## TASK REQUIREMENTS
Transcribe only part of the material below: the lines from the one containing "(\<Sum>s\<in>S. \<Sum>t\<in>S. c" through the one containing "measure \<Rightarrow> (nat", inclusive, exactly as written.

## SUPPLIED DATA
(* Let $H\in(0,1)$, $\alpha\in(0,1)$, $b\in\{2,3,\dots\}$ with $\alpha b^H<1$, and let $p=1/H$. Let $W$ be a fractional Brownian motion with Hurst parameter $H$, independent of an i.i.d. sequence $U_1,U_2,\dots$ uniformly distributed on $\{0,1,\dots,b-1\}$, and set $R_m:=\sum_{i=1}^mU_ib^{i-1}$. Let $$G_n:=\sum_{m=1}^n\alpha^{-m}\big(W((R_m+1)b^{-m})-W(R_mb^{-m})\big).$$ Then, as $n\to\infty$, $$(\alpha^pb)^n\,\mathbb E\big[|G_n|^p\big]\longrightarrow\frac{c_H}{(1-\alpha^2b^{2H})^{p/2}},\qquad c_H:=\frac{2^{1/(2H)}\Gamma(\frac{H+1}{2H})}{\sqrt\pi},$$ where the expectation is with respect to the joint law of $W$ and $(U_i)$. *)

theory Defs
  imports "HOL-Probability.Probability"
begin

definition fbm_cov :: "real \<Rightarrow> real \<Rightarrow> real \<Rightarrow> real" where
  "fbm_cov H s t = (\<bar>s\<bar> powr (2*H) + \<bar>t\<bar> powr (2*H) - \<bar>t - s\<bar> powr (2*H)) / 2"

definition gaussian_rv :: "'a measure \<Rightarrow> ('a \<Rightarrow> real) \<Rightarrow> real \<Rightarrow> real \<Rightarrow> bool" where
  "gaussian_rv M X mu v \<longleftrightarrow> X \<in> borel_measurable M \<and> 0 \<le> v \<and>
     (if v = 0 then (AE \<omega> in M. X \<omega> = mu)
      else distributed M lborel X (normal_density mu (sqrt v)))"

definition is_fbm :: "'a measure \<Rightarrow> real \<Rightarrow> (real \<Rightarrow> 'a \<Rightarrow> real) \<Rightarrow> bool" where
  "is_fbm M H W \<longleftrightarrow>
     (\<forall>(S::real set) (c::real \<Rightarrow> real). finite S \<and> S \<subseteq> {0..} \<longrightarrow>
        gaussian_rv M (\<lambda>\<omega>. \<Sum>t\<in>S. c t * W t \<omega>) 0
          (\<Sum>s\<in>S. \<Sum>t\<in>S. c s * c t * fbm_cov H s t))"

definition sigma_W :: "'a measure \<Rightarrow> (real \<Rightarrow> 'a \<Rightarrow> real) \<Rightarrow> 'a set set" where
  "sigma_W M W = sigma_sets (space M)
     (\<Union>t\<in>{0..}. {W t -` A \<inter> space M | A. A \<in> sets borel})"

definition sigma_U :: "'a measure \<Rightarrow> (nat \<Rightarrow> 'a \<Rightarrow> nat) \<Rightarrow> 'a set set" where
  "sigma_U M U = sigma_sets (space M) (\<Union>i\<in>{1..}. {U i -` A \<inter> space M | A. A \<in> (UNIV :: nat set set)})"

definition digitsum :: "nat \<Rightarrow> (nat \<Rightarrow> 'a \<Rightarrow> nat) \<Rightarrow> nat \<Rightarrow> 'a \<Rightarrow> nat" where
  "digitsum b U m \<omega> = (\<Sum>i=1..m. U i \<omega> * b ^ (i - 1))"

## EXPECTED ANSWER
          (\<Sum>s\<in>S. \<Sum>t\<in>S. c s * c t * fbm_cov H s t))"

definition sigma_W :: "'a measure \<Rightarrow> (real \<Rightarrow> 'a \<Rightarrow> real) \<Rightarrow> 'a set set" where
  "sigma_W M W = sigma_sets (space M)
     (\<Union>t\<in>{0..}. {W t -` A \<inter> space M | A. A \<in> sets borel})"

definition sigma_U :: "'a measure \<Rightarrow> (nat \<Rightarrow> 'a \<Rightarrow> nat) \<Rightarrow> 'a set set" where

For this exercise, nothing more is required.